Credit: Rosie Shackles

Sugo to seek extension to its restaurant

By Joe Evans

The popular pasta restaurant on Mitchell Street is looking to extend its seating area into the basement of the Charles Rennie MacKintosh-designed lighthouse building.

Mitchell Street pasta restaurant Sugo has applied to Glasgow City Council to extend its seating area into the basement of the Charles Rennie Mackintosh-designed Lighthouse building, the ground floor of which already houses Sugo’s existing seating and kitchen space.

Sugo, established last year by the team behind Paesano pizza, originally seated up to 250 guests before Covid-19.

Management stated in their planning documents that the decision to expand was primarily an attempt to boost the available space for customers in order to make the business viable in a post-Covid-19 environment. 

Social distancing is severely limiting customer numbers, and as a result is reducing the profit the restaurant can make in any one night.
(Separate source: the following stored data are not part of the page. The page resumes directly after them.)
(* Let $n\ge 4$ be an integer, let $B_n$ be the boundary simplicial complex of the bipyramid over an $n$-gon (defined in the context), and let $I_{B_n}\subset k[x_0,\dots,x_{n+1}]$ be its Stanley-Reisner ideal. Then the Waldschmidt constant of $I_{B_n}$ is $$\gamma(I_{B_n})=\frac{n}{n-2}.$$
   Context: Let $k$ be a field and $n\ge 3$. The base $n$-gon $Q_n$ has vertices $1,\dots,n$ in cyclic order, so its edges are $\{i,i+1\}$ for $1\le i\le n-1$ and $\{n,1\}$. The bipyramid $B_n$ over $Q_n$ has two extra vertices $0$ (upper) and $n+1$ (lower); as a simplicial complex on $\{0,1,\dots,n+1\}$, $B_n$ is the boundary complex of the bipyramid, i.e. the complex whose facets are the triangles $\{0,i,j\}$ and $\{n+1,i,j\}$ for every edge $\{i,j\}$ of $Q_n$. The Stanley-Reisner ideal $I_{\Delta}$ of a simplicial complex $\Delta$ on $\{0,\dots,n+1\}$ is the ideal of $R=k[x_0,\dots,x_{n+1}]$ generated by the monomials $\prod_{i\in\tau}x_i$ with $\tau\notin\Delta$. For a homogeneous ideal $0\ne I\subseteq R$, the $m$-th symbolic power is $I^{(m)}=R\cap\bigcap_{P\in \mathrm{Ass}(I)} I^mR_P$, $\alpha(I)=\min\{t: I_t\neq 0\}$, and the Waldschmidt constant is $\gamma(I)=\lim_{m\to\infty}\alpha(I^{(m)})/m$. *)

theory Defs
  imports "HOL-Analysis.Analysis" "HOL-Library.Poly_Mapping"
begin

text \<open>Multivariate polynomials over a field 'k in variables x_i (i :: nat):
  maps from monomials (finitely supported exponent vectors) to coefficients, with the
  convolution product of Poly_Mapping.\<close>

type_synonym 'k mpol = "(nat \<Rightarrow>\<^sub>0 nat) \<Rightarrow>\<^sub>0 'k"

definition polys :: "nat set \<Rightarrow> 'k::zero mpol set" where
  "polys V = {p. \<forall>m\<in>Poly_Mapping.keys p. Poly_Mapping.keys m \<subseteq> V}"

definition Var :: "nat \<Rightarrow> 'k::{zero,one} mpol" where
  "Var i = Poly_Mapping.single (Poly_Mapping.single i 1) 1"

definition sqfree_monomial :: "nat set \<Rightarrow> 'k::comm_semiring_1 mpol" where
  "sqfree_monomial \<tau> = (\<Prod>i\<in>\<tau>. Var i)"

definition is_ideal :: "'a::comm_ring_1 set \<Rightarrow> 'a set \<Rightarrow> bool" where
  "is_ideal R I \<longleftrightarrow> I \<subseteq> R \<and> 0 \<in> I \<and> (\<forall>a\<in>I. \<forall>b\<in>I. a + b \<in> I)
      \<and> (\<forall>r\<in>R. \<forall>a\<in>I. r * a \<in> I)"

definition ideal_gen :: "'a::comm_ring_1 set \<Rightarrow> 'a set \<Rightarrow> 'a set" where
  "ideal_gen R G = {p. \<exists>A r. finite A \<and> A \<subseteq> G \<and> (\<forall>g\<in>A. r g \<in> R) \<and> p = (\<Sum>g\<in>A. r g * g)}"

definition ideal_pow :: "'a::comm_ring_1 set \<Rightarrow> 'a set \<Rightarrow> nat \<Rightarrow> 'a set" where
  "ideal_pow R I m = ideal_gen R {prod_list xs | xs. length xs = m \<and> set xs \<subseteq> I}"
Any means by which the available floor space can be increased will be of great benefit to any business in the coming months.

In the planning documents submitted to the city council, Sugo states that the basement is currently not in use and would allow, if permission is granted, the restaurant to seat enough customers to offset the lost income from its long closure during lockdown and the reduced customers under current distancing rules.

Planning documents state: “Due in the main to the extraordinary situation presented by the Covid-19 pandemic, and the fact that the restaurant has been closed since early March, the applicant has had to consider a range of options aimed at sustaining the restaurant and ensuring the viability of the business. 

“Through these considerations, it was felt that extending the business into the basement would provide for more generous preparation areas and an extra cooking area which would potentially increase the capacity of the kitchens, and in turn the volume of business which could be generated. 

“The new cooking installation will be directly beneath the existing cooking installations on the ground floor with the new extraction system linked directly into the existing one, so there will be no issues with odours or fumes, or additional pipework.

“The proposed changes have no impact on or affect the external parts of the building and will have no impact on building regulation issues in particular escape from the premises in event of fire, which will continue to be via the existing escape corridor.”

The deadline for comment on the submitted documents was on 31 August, with a decision by the city council expected on 22 September.